Can someone help me with usign the make_forecasting_frame function? I have a dataset with columns "date", "shop id" and "quantity sold". How can I generate a forecast frame with tsfresh features?
Navaneeth Sen
@Navaneethsen

Hi, I would like to get some pointers in using tsfresh with databricks. I tried to create the grouped dataframe and was trying to run the below command

features = spark_feature_extraction_on_chunk(df_grouped, column_id="id", column_kind="kind", column_sort="date", column_value="value", default_fc_parameters=ComprehensiveFCParameters())
features.show()

This process is not finishing even after 2 hours.. I have 2,800,000 rows in my original dataframe with 13 starting features.

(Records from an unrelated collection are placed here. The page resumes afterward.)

lemma der_rank_Dx_field:
  fixes x :: "'a::field"
  assumes "2 * x \<noteq> 0"
  shows "der_rank cst3 3 (Dx x) = 1"
proof (rule der_rank_eqI)
  let ?xs = "[varT, varZ - cst3 (inverse (2 * x)) * varY ^ 2, varY]"
  show "coord_sys cst3 3 ?xs" by (simp add: coord_sys_def alg_gen_varT_Z_triangular_Y)
  show "set (take (3 - 1) ?xs) \<subseteq> ker (Dx x)"
    using Dx_kernel_Z_coordinate[OF assms] by (simp add: ker_def numeral_2_eq_2)
next
  fix ys :: "'a poly poly poly list" assume ys: "coord_sys cst3 3 ys"
  show "\<not> set (take (Suc (3 - 1)) ys) \<subseteq> ker (Dx x)"
  proof
    assume "set (take (Suc (3 - 1)) ys) \<subseteq> ker (Dx x)"
    with ys have "\<forall>s\<in>set ys. Dx x s = 0" by (simp add: coord_sys_def ker_def subset_iff)
    with ys have "Dx x varY = 0" by (intro Dx_vanishes_on_alg_gen) (auto simp: coord_sys_def)
    with assms show False by simp
  qed
qed simp

subsection \<open>Non-rigidity\<close>

lemma Dx_kernel_T_coordinate: "Dx x (varT - varY ^ 2 + 2 * cst3 x * varZ) = 0"
  by (simp add: Dx_diff Dx_add Dx_mult Dx_varY_square cst3_hom)

lemma T_coordinate_notin_alg_gen_varT:
  fixes x :: "'a::idom"
  assumes "2 * x \<noteq> 0"
  shows "varT - varY ^ 2 + 2 * cst3 x * varZ \<notin> alg_gen cst3 {varT}"
proof
  assume "varT - varY ^ 2 + 2 * cst3 x * varZ \<in> alg_gen cst3 {varT}"
  then have "coeff (varT - varY ^ 2 + 2 * cst3 x * varZ) 1 = 0"
    by (intro coeff_eq_0) (simp add: degree_alg_gen_varT)
  with assms show False by (simp add: varT_def varY_def varZ_def cst3_def power2_eq_square numeral_poly)
qed

theorem mainTheorem3:
  shows "der_rank (cst3 :: ringA \<Rightarrow> ringB) 3 D_A = 2
    \<and> der_rank (cst3 :: rat poly fract \<Rightarrow> ringBK) 3 D_K = 1
    \<and> [varT, varY, varZ] \<in> Gamma_D (cst3 :: ringA \<Rightarrow> ringB) 3 D_A
    \<and> [varT - varY ^ 2 + 2 * cst3 [:0, 1:] * varZ, varY, varZ] \<in> Gamma_D (cst3 :: ringA \<Rightarrow> ringB) 3 D_A
    \<and> alg_gen (cst3 :: ringA \<Rightarrow> ringB) {varT} \<noteq> alg_gen cst3 {varT - varY ^ 2 + 2 * cst3 [:0, 1:] * varZ}
    \<and> \<not> rigid (cst3 :: ringA \<Rightarrow> ringB) 3 D_A"
proof -
  let ?T' = "varT - varY ^ 2 + 2 * cst3 [:0, 1:] * varZ :: ringB"
  have rank_A: "der_rank (cst3 :: ringA \<Rightarrow> ringB) 3 D_A = 2"
    unfolding D_A_def by (rule der_rank_Dx_non_unit) (auto simp: is_unit_iff_degree)
  have "Fract [:0, 1:] 1 \<noteq> (0 :: rat poly fract)" by (simp add: Zero_fract_def eq_fract)
  then have rank_K: "der_rank (cst3 :: rat poly fract \<Rightarrow> ringBK) 3 D_K = 1"
    unfolding D_K_def by (intro der_rank_Dx_field) simp
  have Gamma_T: "[varT, varY, varZ] \<in> Gamma_D (cst3 :: ringA \<Rightarrow> ringB) 3 D_A"
    unfolding Gamma_D_def rank_A
    by (simp add: coord_sys_def alg_gen_varT_varY_varZ ker_def D_A_def)
  have Gamma_T': "[?T', varY, varZ] \<in> Gamma_D cst3 3 D_A"
    unfolding Gamma_D_def rank_A
    by (simp add: coord_sys_def alg_gen_varT_Y_Z_triangular ker_def D_A_def Dx_kernel_T_coordinate)
  have "?T' \<notin> alg_gen cst3 {varT}" by (rule T_coordinate_notin_alg_gen_varT) simp
  then have distinct: "alg_gen (cst3 :: ringA \<Rightarrow> ringB) {varT} \<noteq> alg_gen cst3 {?T'}"
    by (auto intro: alg_gen.gen)
  have "\<not> rigid (cst3 :: ringA \<Rightarrow> ringB) 3 D_A"
    unfolding rigid_def rank_A using Gamma_T Gamma_T' distinct by fastforce
  with rank_A rank_K Gamma_T Gamma_T' distinct show ?thesis by blast
qed

end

Can someone point me to the right docs to get this working on databricks?

jsnleong
@jsnleong
Hi everyone, happy to be part of the community. I have some issues with time-sseries forecasting using TSFresh.
I have data spanning over 3 years but the data points are not equally spaced. I would like to create windows of 2 weeks each. However, for the notebook examples on your site, I realised that it is creating windows of different sizes from my min_timestamp to max_timestamp. Eg. if my min=5, max=20, it creates a window of 1 - 20 Jan, 2 - 20 Jan, 3 - 20 Jan, ... etc up to 20 - 20 Jan.
Why does it create such a window? I was hoping it creates a single window 1 - 20 Jan, then subsequent windows would be 2 - 21 Jan, etc
Hope someone can advice on this, thank you so much
Ghayth AlMahadin
@ghayth82
the equation used to calculate cid_ce is different from the original paper as the upper limit of sum is (n-1) in the paper while you put (n-2lag) in the documentation?
any idea why?
binxiaoxiaobin
@binxiaoxiaobin
hello guys, there are an exception like"malformed node or string" thrown, I got the sklearn pipeline to do the work, it is said that the reason maybe is the featurenames use quotes, like "z_earth_useragg_linear_trendfagg"var"_chunk_len_50__attr"slope"" . Now, I want to know how to fix this. thx a lot.
Christian Hacker
@christianhacker

Greetings,

I'm trying to get a custom feature nolds.lyap_e working with tsfresh, but I don't think it qualifies as either a simple or combiner feature extractor. What it does is calculate n lyapunov exponents for a 1D timeseries, where n is variable . So the result should be multi-output ($n$) like a combiner, but it only uses 1 set of params like a simple feature extractor. I can't really think of an easy way to get this working.

Any ideas?

ff12353
@ff12353
Hello everyone, I have following problem with feature extraction: 'MultiprocessingDistributor' object has no attribute 'pool'. Maybe someone can tell me why this error message comes up.
jillyu3
@jillyu3
Hello everyone, can someone explain the p-value that is calculated in the back ground of the feature selection function?
Marble90
@Marble90

Hi everyone,

I have a problem with reordering my data frame to a form that tsfresh can understand it. There are 2 different links that make me confused:
first the explanation in :
Features dataframe with tsfresh is totally different from the thing described in :
blue-yonder/tsfresh#213
In the first link, one feature from timestep 0 to N is considered as a separate id. BUT in the second link, feature 1 to N in a single timestep is considered as a separate id. Which one is correct?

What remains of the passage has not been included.